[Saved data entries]
+ + + + + + +

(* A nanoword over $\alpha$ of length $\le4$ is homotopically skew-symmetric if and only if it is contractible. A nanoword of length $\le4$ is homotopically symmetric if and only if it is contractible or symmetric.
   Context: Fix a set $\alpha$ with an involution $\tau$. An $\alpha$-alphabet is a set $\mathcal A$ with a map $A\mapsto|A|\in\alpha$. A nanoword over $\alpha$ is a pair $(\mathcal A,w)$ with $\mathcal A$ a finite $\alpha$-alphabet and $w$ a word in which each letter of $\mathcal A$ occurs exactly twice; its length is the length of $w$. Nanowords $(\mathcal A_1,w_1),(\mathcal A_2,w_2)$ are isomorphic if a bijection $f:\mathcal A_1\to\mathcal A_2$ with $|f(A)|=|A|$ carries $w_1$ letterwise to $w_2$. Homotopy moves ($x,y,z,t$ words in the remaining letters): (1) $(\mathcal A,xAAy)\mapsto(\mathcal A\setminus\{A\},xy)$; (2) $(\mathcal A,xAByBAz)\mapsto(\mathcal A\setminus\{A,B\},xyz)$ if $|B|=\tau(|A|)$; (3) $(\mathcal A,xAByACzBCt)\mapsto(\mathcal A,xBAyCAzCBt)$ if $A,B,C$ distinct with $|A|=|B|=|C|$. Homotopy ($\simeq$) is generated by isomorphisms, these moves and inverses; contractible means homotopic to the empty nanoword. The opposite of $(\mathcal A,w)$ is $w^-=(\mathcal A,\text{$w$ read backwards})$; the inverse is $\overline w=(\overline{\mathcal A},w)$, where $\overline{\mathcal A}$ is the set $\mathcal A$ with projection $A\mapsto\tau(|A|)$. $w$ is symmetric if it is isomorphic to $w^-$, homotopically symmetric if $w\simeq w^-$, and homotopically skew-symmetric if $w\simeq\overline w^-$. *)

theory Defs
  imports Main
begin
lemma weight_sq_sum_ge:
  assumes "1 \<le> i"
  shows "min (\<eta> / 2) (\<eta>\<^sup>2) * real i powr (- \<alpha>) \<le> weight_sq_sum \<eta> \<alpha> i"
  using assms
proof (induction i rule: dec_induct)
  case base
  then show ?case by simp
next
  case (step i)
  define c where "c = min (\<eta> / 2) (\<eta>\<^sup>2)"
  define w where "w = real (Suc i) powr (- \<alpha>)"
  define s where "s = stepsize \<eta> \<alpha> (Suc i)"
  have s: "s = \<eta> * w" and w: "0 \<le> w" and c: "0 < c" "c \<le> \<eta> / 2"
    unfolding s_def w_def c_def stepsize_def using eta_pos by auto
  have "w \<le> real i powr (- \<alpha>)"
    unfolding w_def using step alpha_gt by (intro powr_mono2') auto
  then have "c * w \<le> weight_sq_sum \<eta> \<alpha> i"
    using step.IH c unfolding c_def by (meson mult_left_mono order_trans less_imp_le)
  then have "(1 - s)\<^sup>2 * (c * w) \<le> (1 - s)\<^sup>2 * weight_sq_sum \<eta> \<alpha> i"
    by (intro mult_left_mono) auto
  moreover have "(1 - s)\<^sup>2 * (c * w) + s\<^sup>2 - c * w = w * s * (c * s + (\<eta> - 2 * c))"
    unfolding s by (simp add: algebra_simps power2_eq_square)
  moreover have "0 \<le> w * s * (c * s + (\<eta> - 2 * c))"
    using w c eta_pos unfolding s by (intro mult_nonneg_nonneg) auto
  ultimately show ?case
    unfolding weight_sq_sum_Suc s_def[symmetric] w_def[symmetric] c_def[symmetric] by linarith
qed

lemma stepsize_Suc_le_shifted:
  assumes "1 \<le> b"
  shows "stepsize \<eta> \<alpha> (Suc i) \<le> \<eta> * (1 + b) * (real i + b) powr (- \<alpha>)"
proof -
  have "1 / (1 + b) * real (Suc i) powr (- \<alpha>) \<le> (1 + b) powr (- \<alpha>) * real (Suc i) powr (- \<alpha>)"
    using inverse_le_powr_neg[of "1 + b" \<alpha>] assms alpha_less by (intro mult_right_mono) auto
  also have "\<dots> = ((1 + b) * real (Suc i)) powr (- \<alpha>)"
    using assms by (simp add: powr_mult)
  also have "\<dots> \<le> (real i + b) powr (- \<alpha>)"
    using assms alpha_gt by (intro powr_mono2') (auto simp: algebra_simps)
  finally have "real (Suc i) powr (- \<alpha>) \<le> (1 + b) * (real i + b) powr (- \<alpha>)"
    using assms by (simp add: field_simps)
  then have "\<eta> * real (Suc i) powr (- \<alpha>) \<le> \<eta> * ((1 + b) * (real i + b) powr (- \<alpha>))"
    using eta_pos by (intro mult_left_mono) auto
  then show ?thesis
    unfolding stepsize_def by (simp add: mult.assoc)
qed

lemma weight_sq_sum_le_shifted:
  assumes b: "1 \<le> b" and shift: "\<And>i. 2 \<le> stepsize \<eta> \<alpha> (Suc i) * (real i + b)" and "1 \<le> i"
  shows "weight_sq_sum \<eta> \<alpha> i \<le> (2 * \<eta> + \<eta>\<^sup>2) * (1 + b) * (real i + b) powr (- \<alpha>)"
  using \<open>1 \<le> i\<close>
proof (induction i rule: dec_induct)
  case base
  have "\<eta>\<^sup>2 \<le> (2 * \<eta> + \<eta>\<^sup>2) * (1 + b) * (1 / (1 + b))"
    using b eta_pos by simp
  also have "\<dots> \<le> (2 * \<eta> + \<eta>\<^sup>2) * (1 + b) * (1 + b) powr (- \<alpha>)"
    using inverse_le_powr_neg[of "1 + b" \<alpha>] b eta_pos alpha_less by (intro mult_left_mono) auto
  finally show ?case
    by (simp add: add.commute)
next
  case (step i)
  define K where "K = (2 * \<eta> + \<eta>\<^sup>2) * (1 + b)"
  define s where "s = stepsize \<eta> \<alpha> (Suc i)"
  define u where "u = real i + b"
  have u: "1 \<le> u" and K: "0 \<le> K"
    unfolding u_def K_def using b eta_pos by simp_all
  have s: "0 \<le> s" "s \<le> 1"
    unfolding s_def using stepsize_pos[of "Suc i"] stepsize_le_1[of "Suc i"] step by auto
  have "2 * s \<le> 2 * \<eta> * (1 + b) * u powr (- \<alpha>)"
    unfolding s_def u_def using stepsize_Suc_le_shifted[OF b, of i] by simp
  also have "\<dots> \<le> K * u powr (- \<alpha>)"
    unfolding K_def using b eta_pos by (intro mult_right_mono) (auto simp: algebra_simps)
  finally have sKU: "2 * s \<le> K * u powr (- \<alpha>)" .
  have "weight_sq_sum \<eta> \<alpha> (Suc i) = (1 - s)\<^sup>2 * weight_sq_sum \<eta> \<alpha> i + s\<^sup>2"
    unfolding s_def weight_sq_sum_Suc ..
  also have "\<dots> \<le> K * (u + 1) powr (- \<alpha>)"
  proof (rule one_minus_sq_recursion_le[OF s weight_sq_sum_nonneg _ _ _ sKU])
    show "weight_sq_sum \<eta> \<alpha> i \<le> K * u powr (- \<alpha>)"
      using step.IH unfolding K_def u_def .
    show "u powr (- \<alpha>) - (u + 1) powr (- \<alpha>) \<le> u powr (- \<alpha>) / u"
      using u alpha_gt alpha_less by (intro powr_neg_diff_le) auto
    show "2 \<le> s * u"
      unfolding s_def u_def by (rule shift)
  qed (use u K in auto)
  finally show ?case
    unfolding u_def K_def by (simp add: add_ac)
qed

+ + + + + + +

Work to be completed>
Scan the records above for the string "rule", then report every line that contains it.

Solution to this task>
proof (induction i rule: dec_induct)
proof (induction i rule: dec_induct)
  proof (rule one_minus_sq_recursion_le[OF s weight_sq_sum_nonneg _ _ _ sKU])
      unfolding s_def u_def by (rule shift)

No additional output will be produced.